Data entries
***

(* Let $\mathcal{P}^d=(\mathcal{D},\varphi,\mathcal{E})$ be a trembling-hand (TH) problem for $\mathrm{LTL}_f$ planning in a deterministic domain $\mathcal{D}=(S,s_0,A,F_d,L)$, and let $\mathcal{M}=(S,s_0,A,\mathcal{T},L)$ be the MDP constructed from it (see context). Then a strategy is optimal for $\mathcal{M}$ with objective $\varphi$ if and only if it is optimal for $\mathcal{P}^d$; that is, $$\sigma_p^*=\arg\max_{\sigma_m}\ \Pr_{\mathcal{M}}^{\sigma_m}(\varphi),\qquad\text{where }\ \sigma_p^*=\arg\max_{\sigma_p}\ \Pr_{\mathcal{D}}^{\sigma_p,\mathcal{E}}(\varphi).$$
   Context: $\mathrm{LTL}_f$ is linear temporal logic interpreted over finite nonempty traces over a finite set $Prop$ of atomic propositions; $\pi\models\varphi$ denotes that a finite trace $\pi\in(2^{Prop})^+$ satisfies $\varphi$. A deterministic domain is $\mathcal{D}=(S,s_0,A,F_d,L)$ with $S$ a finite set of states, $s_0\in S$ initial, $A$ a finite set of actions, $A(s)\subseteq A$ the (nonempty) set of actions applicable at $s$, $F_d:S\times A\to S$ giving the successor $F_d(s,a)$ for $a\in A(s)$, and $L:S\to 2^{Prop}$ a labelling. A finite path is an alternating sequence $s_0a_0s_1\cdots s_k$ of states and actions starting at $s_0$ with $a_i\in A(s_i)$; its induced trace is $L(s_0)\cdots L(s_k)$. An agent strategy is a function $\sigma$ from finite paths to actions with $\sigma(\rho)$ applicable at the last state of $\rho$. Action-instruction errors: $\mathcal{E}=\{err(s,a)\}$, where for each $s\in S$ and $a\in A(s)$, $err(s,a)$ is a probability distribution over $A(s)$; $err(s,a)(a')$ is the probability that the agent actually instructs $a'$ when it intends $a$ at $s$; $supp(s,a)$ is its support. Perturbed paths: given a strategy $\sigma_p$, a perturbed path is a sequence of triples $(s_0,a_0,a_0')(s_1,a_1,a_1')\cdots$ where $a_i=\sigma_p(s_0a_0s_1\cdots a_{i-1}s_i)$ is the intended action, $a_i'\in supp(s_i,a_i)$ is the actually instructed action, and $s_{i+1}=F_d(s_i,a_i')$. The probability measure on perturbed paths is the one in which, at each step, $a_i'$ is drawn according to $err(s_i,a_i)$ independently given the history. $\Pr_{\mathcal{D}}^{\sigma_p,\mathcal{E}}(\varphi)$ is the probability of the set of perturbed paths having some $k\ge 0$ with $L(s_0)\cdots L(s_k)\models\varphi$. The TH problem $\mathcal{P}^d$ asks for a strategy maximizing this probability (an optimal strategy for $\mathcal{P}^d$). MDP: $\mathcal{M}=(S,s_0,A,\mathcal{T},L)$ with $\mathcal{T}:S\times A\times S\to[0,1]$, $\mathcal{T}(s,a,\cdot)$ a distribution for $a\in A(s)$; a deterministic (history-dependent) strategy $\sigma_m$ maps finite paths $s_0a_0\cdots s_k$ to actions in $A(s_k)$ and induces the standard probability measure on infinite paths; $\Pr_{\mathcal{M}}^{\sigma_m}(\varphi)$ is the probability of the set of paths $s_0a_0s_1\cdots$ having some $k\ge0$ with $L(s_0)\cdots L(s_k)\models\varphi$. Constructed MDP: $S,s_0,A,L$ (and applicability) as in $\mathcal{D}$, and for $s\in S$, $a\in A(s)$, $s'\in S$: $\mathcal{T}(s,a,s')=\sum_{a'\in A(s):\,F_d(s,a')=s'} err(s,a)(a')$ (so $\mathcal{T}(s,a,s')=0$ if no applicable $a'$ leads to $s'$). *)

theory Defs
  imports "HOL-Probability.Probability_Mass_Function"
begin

***

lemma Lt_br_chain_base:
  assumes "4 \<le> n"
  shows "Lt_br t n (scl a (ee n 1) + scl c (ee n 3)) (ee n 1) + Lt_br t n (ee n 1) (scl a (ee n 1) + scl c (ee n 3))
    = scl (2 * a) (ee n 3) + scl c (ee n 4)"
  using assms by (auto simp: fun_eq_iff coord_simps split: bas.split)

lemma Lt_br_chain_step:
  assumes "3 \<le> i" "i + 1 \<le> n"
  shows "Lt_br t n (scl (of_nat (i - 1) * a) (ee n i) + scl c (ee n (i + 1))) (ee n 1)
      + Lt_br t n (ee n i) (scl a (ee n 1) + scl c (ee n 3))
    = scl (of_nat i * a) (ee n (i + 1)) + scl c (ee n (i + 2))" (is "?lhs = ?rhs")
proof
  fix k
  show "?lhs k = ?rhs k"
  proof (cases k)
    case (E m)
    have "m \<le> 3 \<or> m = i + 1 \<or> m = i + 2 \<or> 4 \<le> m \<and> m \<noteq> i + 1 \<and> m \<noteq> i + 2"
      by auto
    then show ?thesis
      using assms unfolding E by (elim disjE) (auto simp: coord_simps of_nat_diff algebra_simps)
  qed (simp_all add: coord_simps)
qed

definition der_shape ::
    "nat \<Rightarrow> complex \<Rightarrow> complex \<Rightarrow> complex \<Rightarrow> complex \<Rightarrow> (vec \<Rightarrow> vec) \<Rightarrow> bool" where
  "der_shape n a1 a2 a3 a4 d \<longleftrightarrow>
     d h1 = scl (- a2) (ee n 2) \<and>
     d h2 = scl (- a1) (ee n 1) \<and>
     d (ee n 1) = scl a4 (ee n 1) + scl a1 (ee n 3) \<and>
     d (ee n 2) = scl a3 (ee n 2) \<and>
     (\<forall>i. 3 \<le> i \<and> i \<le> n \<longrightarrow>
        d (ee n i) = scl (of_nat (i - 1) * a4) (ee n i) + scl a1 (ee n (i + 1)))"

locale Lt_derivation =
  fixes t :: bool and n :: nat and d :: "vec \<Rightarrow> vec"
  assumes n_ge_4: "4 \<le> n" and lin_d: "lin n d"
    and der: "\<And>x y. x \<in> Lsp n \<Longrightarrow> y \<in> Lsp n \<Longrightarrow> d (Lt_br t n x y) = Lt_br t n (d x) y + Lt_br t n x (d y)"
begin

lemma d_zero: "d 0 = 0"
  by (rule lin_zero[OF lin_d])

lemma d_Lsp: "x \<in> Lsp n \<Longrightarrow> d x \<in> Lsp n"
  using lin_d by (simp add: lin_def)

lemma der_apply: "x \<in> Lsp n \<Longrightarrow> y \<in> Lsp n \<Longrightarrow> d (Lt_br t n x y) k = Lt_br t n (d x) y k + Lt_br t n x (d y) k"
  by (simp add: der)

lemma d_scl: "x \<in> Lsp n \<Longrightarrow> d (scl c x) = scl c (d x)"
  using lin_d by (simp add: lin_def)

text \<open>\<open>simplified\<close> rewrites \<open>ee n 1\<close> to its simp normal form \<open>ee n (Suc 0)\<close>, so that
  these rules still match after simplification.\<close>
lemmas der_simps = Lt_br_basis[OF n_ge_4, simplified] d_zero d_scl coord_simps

***

● Problem:
From the line that has "n \<Longrightarrow> d (scl" through the line that has "lemmas der_simps = Lt_br_basis[OF", copy every line exactly as it appears above, and leave out all others.

● Expected answer:
lemma d_scl: "x \<in> Lsp n \<Longrightarrow> d (scl c x) = scl c (d x)"
  using lin_d by (simp add: lin_def)

text \<open>\<open>simplified\<close> rewrites \<open>ee n 1\<close> to its simp normal form \<open>ee n (Suc 0)\<close>, so that
  these rules still match after simplification.\<close>
lemmas der_simps = Lt_br_basis[OF n_ge_4, simplified] d_zero d_scl coord_simps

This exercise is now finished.